Identity and Ancestry

Takao Tanabe and his sister, Meiko, in Seal Cove, B.C., 1937, photographer unknown.
Fishermen’s Reserve rounding up Japanese Canadian fishing vessels in Steveston, B.C., December 10, 1941, photograph by the Canadian Department of National Defence, Library and Archives Canada, Ottawa.

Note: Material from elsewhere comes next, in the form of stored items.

(* For every fixed $k,K\in\mathbf{N}$ there is a finite set of permutations $P$ such that $$\{\pi\in S:\ \mathrm{al}(\pi)<K\ \&\ s_k(\pi)<K\}\subset P[H_k^+\cup H_k^-].$$
   Context: $S_n$ is the set of permutations of $[n]$, $S=\bigcup_n S_n$; $\pi\prec\rho$ means $\rho$ has a subsequence order-isomorphic to $\pi$; $\pi|A$ is the permutation order-isomorphic to the subsequence of $\pi$ at positions in $A$. Alternating: $\sigma(\{1,3,5,\dots\})>\sigma(\{2,4,6,\dots\})$. $\mathrm{al}(\pi)$ is the maximum length of an alternating $\sigma$ with $\sigma\prec\pi$ or $\sigma\prec\pi^{-1}$. For $\sigma\in S_n,\tau\in S_m$, $\sigma\oplus\tau\in S_{n+m}$ equals $\sigma(i)$ at $i\le n$ and $n+\tau(i-n)$ at $i>n$; $\sigma\ominus\tau$ equals $m+\sigma(i)$ at $i\le n$ and $\tau(i-n)$ at $i>n$. Up-(down-)indecomposable means not of the form $\sigma\oplus\tau$ ($\sigma\ominus\tau$) with both nonempty; $h^+(\pi)$ ($h^-(\pi)$) is the maximum length of a block in the unique decomposition of $\pi$ as a $\oplus$-sum of up-indecomposables ($\ominus$-sum of down-indecomposables). $H_k^\pm=\{\pi\in S:h^\pm(\pi)<k\}$. For $k\ge2$ and $\pi\in S_n$, $s_k(\pi)$ is the number $r$ of intervals in the greedy partition $I_1<\dots<I_r$ of $[n]$ where $I_1$ is the longest initial interval with $\pi|I_1\in H_k^+\cup H_k^-$, $I_2$ the longest following interval with $\pi|I_2\in H_k^+\cup H_k^-$, etc.; $s_1(\pi)=\infty$ by convention. Inflation: for $\sigma\in S_m$ and $\tau_i\in S_{n_i}$ ($i=1,\dots,m$), $\sigma[\tau_1,\dots,\tau_m]\in S_{n_1+\dots+n_m}$ is the permutation whose positions split into consecutive intervals of lengths $n_1,\dots,n_m$, such that the restriction to the $i$-th interval is order-isomorphic to $\tau_i$, and the $i$-th and $j$-th intervals' value sets are intervals of integers ordered as $\sigma(i)$ versus $\sigma(j)$ (i.e. each point of $\sigma$ is replaced by a small copy of $\tau_i$). For sets $P,Q\subset S$, $P[Q]=\{\pi[\sigma_1,\dots,\sigma_m]: m\in\mathbf{N},\ \pi\in P\cap S_m,\ \sigma_i\in Q\}$. *)

theory Defs
  imports Main "HOL-Library.Extended_Nat"
begin

text \<open>Permutations of [n] are represented 0-based as lists: a list xs is a permutation
  of length n iff it is distinct and its set of values is {0..<n}.\<close>

definition is_perm :: "nat list \<Rightarrow> bool" where
  "is_perm xs \<longleftrightarrow> distinct xs \<and> set xs = {0..<length xs}"

definition std :: "nat list \<Rightarrow> nat list" where
  "std xs = map (\<lambda>x. card {y \<in> set xs. y < x}) xs"

text \<open>pi|A : pattern of pi at the positions in A (0-based positions).\<close>
definition restr :: "nat list \<Rightarrow> nat set \<Rightarrow> nat list" where
  "restr p A = std (nths p A)"

definition contained :: "nat list \<Rightarrow> nat list \<Rightarrow> bool" where
  "contained s p \<longleftrightarrow> (\<exists>A \<subseteq> {..<length p}. restr p A = s)"

definition inv_perm :: "nat list \<Rightarrow> nat list" where
  "inv_perm p = map (\<lambda>i. THE j. j < length p \<and> p ! j = i) [0..<length p]"

text \<open>Alternating: values at odd (1-based) positions exceed values at even (1-based)
  positions; 0-based this means even indices beat odd indices.\<close>
definition alternating :: "nat list \<Rightarrow> bool" where
  "alternating s \<longleftrightarrow>
     (\<forall>i j. i < length s \<and> j < length s \<and> even i \<and> odd j \<longrightarrow> s ! j < s ! i)"

definition al :: "nat list \<Rightarrow> nat" where
  "al p = Max {length s | s. is_perm s \<and> alternating s \<and>
                             (contained s p \<or> contained s (inv_perm p))}"

definition oplus :: "nat list \<Rightarrow> nat list \<Rightarrow> nat list" where
  "oplus s t = s @ map (\<lambda>v. v + length s) t"

definition ominus :: "nat list \<Rightarrow> nat list \<Rightarrow> nat list" where
  "ominus s t = map (\<lambda>v. v + length t) s @ t"

definition up_indecomposable :: "nat list \<Rightarrow> bool" where
  "up_indecomposable p \<longleftrightarrow>
     \<not> (\<exists>s t. is_perm s \<and> is_perm t \<and> s \<noteq> [] \<and> t \<noteq> [] \<and> p = oplus s t)"

definition down_indecomposable :: "nat list \<Rightarrow> bool" where
  "down_indecomposable p \<longleftrightarrow>
     \<not> (\<exists>s t. is_perm s \<and> is_perm t \<and> s \<noteq> [] \<and> t \<noteq> [] \<and> p = ominus s t)"

fun oplus_list :: "nat list list \<Rightarrow> nat list" where
  "oplus_list [] = []"
| "oplus_list (b # bs) = oplus b (oplus_list bs)"

fun ominus_list :: "nat list list \<Rightarrow> nat list" where
  "ominus_list [] = []"
| "ominus_list (b # bs) = ominus b (ominus_list bs)"

text \<open>h^+ (resp. h^-): maximal block length in the unique decomposition into
  up-(down-)indecomposable blocks (0 for the empty permutation).\<close>
definition h_plus :: "nat list \<Rightarrow> nat" where
  "h_plus p = (THE m. \<exists>bs. p = oplus_list bs \<and>
       (\<forall>b \<in> set bs. is_perm b \<and> b \<noteq> [] \<and> up_indecomposable b) \<and>
       m = Max (insert 0 (length ` set bs)))"

definition h_minus :: "nat list \<Rightarrow> nat" where
  "h_minus p = (THE m. \<exists>bs. p = ominus_list bs \<and>
       (\<forall>b \<in> set bs. is_perm b \<and> b \<noteq> [] \<and> down_indecomposable b) \<and>
       m = Max (insert 0 (length ` set bs)))"

definition H_plus :: "nat \<Rightarrow> nat list set" where
  "H_plus k = {p. is_perm p \<and> h_plus p < k}"

definition H_minus :: "nat \<Rightarrow> nat list set" where
  "H_minus k = {p. is_perm p \<and> h_minus p < k}"

text \<open>Greedy partition count, applied to the remaining suffix of positions.
  The pattern of an interval is the standardisation of the corresponding sublist.\<close>
function greedy :: "nat \<Rightarrow> nat list \<Rightarrow> nat" where
  "greedy k [] = 0"
| "greedy k (x # xs) =
     Suc (greedy k (drop (max 1 (GREATEST l. l \<le> length (x # xs) \<and>
                                std (take l (x # xs)) \<in> H_plus k \<union> H_minus k)) (x # xs)))"
  by pat_completeness auto
termination
  by (relation "measure (\<lambda>(k, xs). length xs)") auto

definition s_k :: "nat \<Rightarrow> nat list \<Rightarrow> enat" where
  "s_k k p = (if k \<le> 1 then \<infinity> else enat (greedy k p))"

definition inflate :: "nat list \<Rightarrow> nat list list \<Rightarrow> nat list" where
  "inflate s ts = concat (map (\<lambda>i. map (\<lambda>v. v +
        sum_list (map (\<lambda>l. length (ts ! l)) (filter (\<lambda>l. s ! l < s ! i) [0..<length s])))
        (ts ! i)) [0..<length s])"

definition inflations :: "nat list set \<Rightarrow> nat list set \<Rightarrow> nat list set" where
  "inflations P Q = {inflate s ts | s ts. s \<in> P \<and> is_perm s \<and> length ts = length s \<and>
                        (\<forall>t \<in> set ts. t \<in> Q \<and> is_perm t \<and> t \<noteq> [])}"

end

(*
  Cut pi greedily into s_k(pi) < K segments whose patterns lie in H_k^+ or H_k^-.  Such a
  segment is a direct sum (or skew sum) of blocks of size < k, and every run of consecutive
  blocks again has its pattern in H_k^+ or H_k^-.  Call a value v of a segment a break if v + 1
  is not in the segment.  Apart from the largest value of pi, v and v + 1 then lie on opposite
  sides of the cut just before or just after the segment.  The values crossing a fixed cut in
  this way yield an increasing sequence alternating between the two sides of the cut (take v
  or v + 1 according to parity), i.e. an alternating pattern of pi^-1; so a segment has at most
  1 + 2 al(pi) breaks.  Splitting each block that contains a break into singletons leaves runs
  of blocks whose values form intervals.  Hence pi is cut into at most K (1 + 2K (k + 1))
  pieces, each an interval of positions and of values with pattern in H_k^+ or H_k^-: pi is an
  inflation of a permutation of bounded length.  For k = 1 there is nothing to prove, since
  s_1 = infinity.
*)

theory Submission
  imports Defs "HOL-Library.Sublist"
begin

Takao Tanabe’s early childhood was spent in Seal Cove, a small fishing village in British Columbia that was a predominantly Japanese Canadian community throughout the 1920s and 1930s. In 1937, at the age of eleven, Tanabe moved to Vancouver with his family, where they lived until they were forcibly relocated inland during the Second World War along with more than 22,000 other Japanese Canadians on the West Coast. The wrenching events of Tanabe’s internment in the Lemon Creek camp throughout the war exposed him to overt racism that affected every aspect of his life and his family. His identity as a Canadian citizen was suddenly called into question and he had to reassess his place in the world.

 

Born and raised in Canada, Tanabe did not consider himself Japanese despite his ancestry. However, the experience of forced relocation and internment suddenly made him consider his role as the “Other.” Like many other nisei, or “second generation” Japanese Canadians (many of whom were youths during the war), Tanabe has held complicated feelings about his heritage and his experience of the internment. He was not encouraged by his parents to speak Japanese, nor was he encouraged to learn about Japanese cultural traditions. In turn, he has often vocally resisted the labelling of his art with ethnic or cultural signifiers.

 

Reflecting on his interaction with Tanabe while organizing the 1987 exhibition Shikata Ga Nai: Contemporary Art by Japanese Canadians at Hamilton Artists Inc., curator and artist Bryce Kanbara (b.1947) notes: “When I asked Takao Tanabe to take part, he replied, ‘It is not the most thrilling idea, another ethnic grouping…. You give no cogent reason for organizing such an exhibition at this time, is there any?’  Despite this response, Tanabe did send Kanbara a painting to be included in the show.

 

Installation view of Shikata Ga Nai: Contemporary Art by Japanese Canadians at the Burlington Cultural Centre, 1987 (Foreground: Louise Noguchi, History can kill you, 1984–85), photographer unknown.
Exterior view of the Hamilton Artists Co-op (now called Hamilton Artists Inc.), c.1976, photograph by James A. Chambers.

 

Early in his career, Tanabe began to travel extensively, spending time in New York and Banff and roaming all over Europe. These travels allowed him to produce a significant body of work—notably including drawings like Moni Vatopedi, Mount Athos, 1955—but they did not influence critical thinking about his identity. Still, as early as 1953, when he was creating abstract works, Tanabe’s teacher and mentor Joseph (Joe) Plaskett (1918–2014) remarked that Tanabe was beginning to develop a painting style that had “entered a region of calligraphy,” which Plaskett attributed to “Tanabe’s Japanese ancestry.

 

Takao Tanabe, Near the Sea, 1960, sumi ink on paper, 46.9 x 90.8 cm, Nikkei National Museum & Cultural Centre, Burnaby.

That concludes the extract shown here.